Regarding the recent controversy over a women, Rachel Dolezal, claiming to be black despite having parents who say they are white and that she is too, and despite having been white as a child, is interesting to consider. Set aside that this case involved various kinds of lying, etc. Indeed, set aside this case, per se, entirely. Consider a hypothetical person who is part of some particular cultural community – Black, Latino, Jewish, Catholic, Cherokee, or whatever – in a good society – which is of course another leap away from the specifics of this case.
Is what determines this person’s community an objective determination based upon something biological that the person has wired in? If so, then it is wholly dependent on birth parents. The widespread discussion of the Dolezal controversy seems to implicitly take for granted that to be one thing, at one time, and then another thing, at a later time, has to involve something called “passing” – which is to say, fooling folks into accepting a false claim.
Suppose a Jewish person decides to become Catholic or vice versa. Setting aside the precise details, broadly what does it take? It seems to me the answer is (a) wanting it, and (b) fulfilling certain levels of involvement or commitment or knowledge. In fact, isn’t it rather like moving from being French to being Italian, German, or American. Remember, people celebrate and also kill over all these things. Indeed, most people get quite a lot, and often maybe more, from their national identification than from a religion, say, or often even from a race, depending on the time and place.
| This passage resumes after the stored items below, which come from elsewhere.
lemma emeasure_abs_gt_le_powr_integral:
  fixes u :: "'a \<Rightarrow> real"
  assumes [measurable]: "u \<in> borel_measurable M" and lam: "lam > 0" and p: "p > 0"
    and N: "N \<ge> 0" and intp: "(\<integral>\<^sup>+ x. ennreal (\<bar>u x\<bar> powr p) \<partial>M) \<le> ennreal N"
  shows "emeasure M {x \<in> space M. lam < \<bar>u x\<bar>} \<le> ennreal (N / lam powr p)"
proof -
  have "emeasure M {x \<in> space M. lam < \<bar>u x\<bar>} = (\<integral>\<^sup>+ x. indicator {x \<in> space M. lam < \<bar>u x\<bar>} x \<partial>M)"
    by (simp add: nn_integral_indicator)
  also have "\<dots> \<le> (\<integral>\<^sup>+ x. ennreal (1 / lam powr p) * ennreal (\<bar>u x\<bar> powr p) \<partial>M)"
  proof (rule nn_integral_mono)
    fix x
    have "lam < \<bar>u x\<bar> \<Longrightarrow> 1 \<le> 1 / lam powr p * \<bar>u x\<bar> powr p"
      using lam p powr_mono2[of p lam "\<bar>u x\<bar>"] by (simp add: field_simps)
    then show "indicator {x \<in> space M. lam < \<bar>u x\<bar>} x \<le> ennreal (1 / lam powr p) * ennreal (\<bar>u x\<bar> powr p)"
      using lam by (auto simp: indicator_def ennreal_mult'[symmetric])
  qed
  also have "\<dots> = ennreal (1 / lam powr p) * (\<integral>\<^sup>+ x. ennreal (\<bar>u x\<bar> powr p) \<partial>M)"
    by (rule nn_integral_cmult) measurable
  also have "\<dots> \<le> ennreal (1 / lam powr p) * ennreal N"
    by (intro mult_left_mono intp) auto
  also have "\<dots> = ennreal (N / lam powr p)"
    using lam N by (simp add: ennreal_mult'[symmetric])
  finally show ?thesis .
qed
lemma n_p_le_half:
  assumes "j \<in> T"
  shows "real n * p j \<le> 1 / 2"
proof -
  have "(p j)^2 \<le> (\<Sum>j\<in>T. (p j)^2)"
    using assms finite_T by (intro member_le_sum) auto
  then have "(real n)^2 * (p j)^2 \<le> (real n)^2 * (c / (real n)^2)"
    using tail_sq_le by (intro mult_left_mono) auto
  then have "(real n * p j)^2 \<le> c"
    using n_pos by (simp add: power_mult_distrib)
  then have "(real n * p j)^2 \<le> (1 / 2)^2"
    using c_le by (simp add: power2_eq_square)
  then show ?thesis
    by (rule power2_le_imp_le) simp
qed

lemma height_props:
  assumes "j \<in> T"
  shows "0 < height j" "2 * p j \<le> height j" "height j \<le> 1" "real n * height j \<le> 1"
    "height j \<le> base + 2 * p j"
proof -
  note p = p_T[OF assms] and np = n_p_le_half[OF assms]
  show "0 < height j" "2 * p j \<le> height j"
    unfolding height_def using base_pos by auto
  show "height j \<le> 1" "height j \<le> base + 2 * p j"
    unfolding height_def using base_pos base_le_one p by auto
  show "real n * height j \<le> 1"
    unfolding height_def using n_base_le \<epsilon>_le np by (simp add: max_def)
qed

lemma on_prob_range: "0 \<le> on_prob j \<and> on_prob j \<le> 1"
  using height_props[of j] p_T[of j] by (auto simp: on_prob_def divide_le_eq_1)

lemma alt_range: "j < N \<Longrightarrow> 0 \<le> alt j b \<and> alt j b \<le> 1"
  using height_props[of j] p_le_one[of j] by (auto simp: alt_def)

lemma col_penalty_range: "0 \<le> col_penalty j X \<and> col_penalty j X \<le> 1"
  using height_props[of j] n_p_le_half[of j] p_T[of j] n_pos
  by (auto simp: col_penalty_def power_le_one)

lemma penalty_nonneg: "0 \<le> penalty X"
  unfolding penalty_def using col_penalty_range by (auto intro: sum_nonneg)

lemma column_mixture_dominates:
  assumes "j < N"
  shows "(1 - col_penalty j X) * column_weight n (p j) (\<lambda>l. X l j)
    \<le> (1 - on_prob j) * column_weight n (alt j False) (\<lambda>l. X l j)
      + on_prob j * column_weight n (alt j True) (\<lambda>l. X l j)"
proof (cases "j \<in> T")
  case True
  then show ?thesis
    using column_mixture_ge[of "p j" "height j" n "\<lambda>l. X l j"] height_props[OF True] p_T[OF True]
      n_p_le_half[OF True]
    by (simp add: col_penalty_def on_prob_def alt_def)
qed (simp add: col_penalty_def on_prob_def alt_def)

lemma mixture_dominates:
  "(1 - penalty X) * bin_weight N n p X
    \<le> (\<Sum>\<sigma>\<in>patterns N. pattern_weight N on_prob \<sigma> * bin_weight N n (\<lambda>j. alt j (\<sigma> j)) X)"
proof -
  have "(1 - penalty X) * bin_weight N n p X \<le> (\<Prod>j<N. 1 - col_penalty j X) * bin_weight N n p X"
    unfolding penalty_def using col_penalty_range bin_weight_nonneg[of N p n X] p_le_one
    by (intro mult_right_mono one_minus_sum_le_prod_one_minus) auto
  also have "\<dots> = (\<Prod>j<N. (1 - col_penalty j X) * column_weight n (p j) (\<lambda>l. X l j))"
    by (simp add: bin_weight_eq_prod_column_weight prod.distrib)
  also have "\<dots> \<le> (\<Prod>j<N. (1 - on_prob j) * column_weight n (alt j False) (\<lambda>l. X l j)
      + on_prob j * column_weight n (alt j True) (\<lambda>l. X l j))"
    using col_penalty_range p_le_one
    by (intro prod_mono conjI column_mixture_dominates mult_nonneg_nonneg)
      (auto simp: column_weight_def intro!: prod_nonneg bernoulli_weight_nonneg)
  also have "\<dots> = (\<Sum>\<sigma>\<in>patterns N. pattern_weight N on_prob \<sigma> * bin_weight N n (\<lambda>j. alt j (\<sigma> j)) X)"
    by (rule sum_pattern_weight_bin_weight[symmetric])
  finally show ?thesis .
qed

lemma col_penalty_le:
  assumes "j \<in> T"
  shows "col_penalty j X \<le> (real n * p j)^2 + real n * height j * (\<Sum>l<n. if X l j then 1 else 0)"
proof -
  have height: "0 \<le> real n * height j"
    using height_props[OF assms] by simp
  show ?thesis
  proof (cases "\<forall>l<n. \<not> X l j")
    case False
    then obtain l0 where "l0 < n" "X l0 j" by auto
    then have "1 \<le> (\<Sum>l<n. if X l j then 1 else (0::real))"
      using member_le_sum[of l0 "{..<n}" "\<lambda>l. if X l j then 1 else (0::real)"] by auto
    then have "real n * height j \<le> real n * height j * (\<Sum>l<n. if X l j then 1 else 0)"
      using height mult_left_mono by fastforce
    moreover have "col_penalty j X = real n * height j"
      using assms False by (auto simp: col_penalty_def)
    ultimately show ?thesis by (simp add: add_increasing)
  qed (use assms height in \<open>simp add: col_penalty_def\<close>)
qed
lemma cross_not_in_diagonal_band_pos:
  fixes a1 a2 a3 b1 b2 b3 :: real
  assumes na: "a1\<^sup>2 + a2\<^sup>2 + a3\<^sup>2 = 1" and nb: "b1\<^sup>2 + b2\<^sup>2 + b3\<^sup>2 = 1"
    and ab: "a1 * b1 + a2 * b2 + a3 * b3 = 0"
    and a: "a1 > 0" "a1\<^sup>2 > 1/2" and b: "b2 > 0" "b2\<^sup>2 > 1/2"
  shows "\<not> diagonal_band (a2 * b3 - a3 * b2) (a3 * b1 - a1 * b3) (a1 * b2 - a2 * b1)"
proof
  define c1 c2 q where "c1 = a2 * b3 - a3 * b2" and "c2 = a3 * b1 - a1 * b3"
    and "q = a1 * b2 - a2 * b1"
  assume "diagonal_band (a2 * b3 - a3 * b2) (a3 * b1 - a1 * b3) (a1 * b2 - a2 * b1)"
  then have K: "diagonal_band c1 c2 q" unfolding c1_def c2_def q_def .
  have "a1\<^sup>2 * b2\<^sup>2 > 1/2 * (1/2)" using a b by (intro mult_strict_mono) auto
  then have "(a1 * b2)\<^sup>2 > (1/2)\<^sup>2" by (simp add: power_mult_distrib power_divide)
  then have a1b2: "a1 * b2 > 1/2" by (rule power2_less_imp_less) (use a b in simp)
  have "a2\<^sup>2 < 1/2" "b1\<^sup>2 < 1/2" using na nb a(2) b(2) zero_le_power2[of a3] zero_le_power2[of b3]
    by linarith+
  then have "(a2 * b1)\<^sup>2 < (1/2)\<^sup>2"
    using mult_strict_mono'[of "a2\<^sup>2" "1/2" "b1\<^sup>2" "1/2"] by (simp add: power_mult_distrib power_divide)
  then have "\<bar>a2 * b1\<bar> < 1/2" using power2_less_imp_less[of "\<bar>a2 * b1\<bar>" "1/2"] by simp
  then have "q > 0" unfolding q_def using a1b2 by linarith
  moreover have "c1\<^sup>2 + c2\<^sup>2 + q\<^sup>2 = 1" using na nb ab unfolding c1_def c2_def q_def by algebra
  ultimately obtain t where t: "t \<ge> 0"
    and quad: "(t * q + 1)\<^sup>2 * c1\<^sup>2 + (t + q)\<^sup>2 * c2\<^sup>2 \<le> (c1\<^sup>2 + c2\<^sup>2) * (t + 1)\<^sup>2 / 2"
    using diagonal_band_quadratic_witness K by blast
  have lagrange: "(c1\<^sup>2 + c2\<^sup>2) * ((t * a1 + b2)\<^sup>2 + (t * b1 - a2)\<^sup>2)
      = (t * q + 1)\<^sup>2 * c1\<^sup>2 + (t + q)\<^sup>2 * c2\<^sup>2"
    using na nb ab unfolding c1_def c2_def q_def by algebra
  have "t\<^sup>2 * (1/2) \<le> t\<^sup>2 * a1\<^sup>2" using a(2) by (intro mult_left_mono) auto
  moreover have "t * (1/2) \<le> t * (a1 * b2)" using a1b2 t by (intro mult_left_mono) auto
  ultimately have "(t * a1 + b2)\<^sup>2 > (t + 1)\<^sup>2 / 2"
    using b(2) by (simp add: power2_eq_square algebra_simps)
  moreover have "c1\<^sup>2 + c2\<^sup>2 > 0"
    using K zero_le_power2[of c1] unfolding diagonal_band_def by linarith
  ultimately have "(c1\<^sup>2 + c2\<^sup>2) * (t + 1)\<^sup>2 / 2 < (c1\<^sup>2 + c2\<^sup>2) * (t * a1 + b2)\<^sup>2"
    by simp
  also have "\<dots> \<le> (c1\<^sup>2 + c2\<^sup>2) * ((t * a1 + b2)\<^sup>2 + (t * b1 - a2)\<^sup>2)"
    by (simp add: mult_left_mono)
  finally show False using lagrange quad by linarith
qed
Surely we can agree that if I, who have been Jewish by virtue of my mother having been Jewish, and her mother, and so on, plus my having a little awareness of the heritage – instead decide to become Catholic, likely with a lot more commitment to the new culture and heritage, as otherwise why bother switching – that should be okay. And vice versa, of course. Indeed, maybe we can even agree that a cultural community ought to allow exit and entry as a quite minimal condition of having healthy cultural and community relations. I certainly think that is the case.
But if that is true for nationality/citizenship, and if it is true for religion, why shouldn’t it be true for something called race?
The only credible answer would be biology. I might prefer to be a squirrel than a human, but it would make no sense to say that being a squirrel is a choice I can make because it simply isn’t. To say that a person is what their parents were/are and cannot be otherwise only makes sense at all, I think, if the attribute we are talking about is wired into the genes that the person got from the parents, like being a person and not a squirrel. (And even in the case, regarding gender/sexuality, where genetics really does play a huge roll, interestingly we are okay with people making choices to change gender.)
So the critical point is, as far as I know, and as far as science reports, race is not biological. There is no genetic boundary between races, much less a boundary that bears on the “stuff” that actually gives a person a racial cultural heritage. It is all social, all historical, very powerful, to be sure, and very oppressive in racist societies, to be sure, but not biological. So, why shouldn’t a person, as they grow up, in a good society, be able to choose their race just like choosing their religion or nationality, much less their gender? Indeed, why shouldn’t preventing that kind of freedom be seen as a horribly oppressive violation of people’s right to determine their own values and community allegiances?
If we set aside the lying in the Dolezal case, or if we charitably decide that it was a function of the exterior social context putting constraints on her cultural choices, and we of course understand the racist context, what remains controversial and worth thinking about? Maybe it is not the behavior of “passing” even when it is to join the oppressed rather than privileged community. Maybe instead what is controversial is the fact that most people regard “passing” as intrinsically a lie, rather than a choice.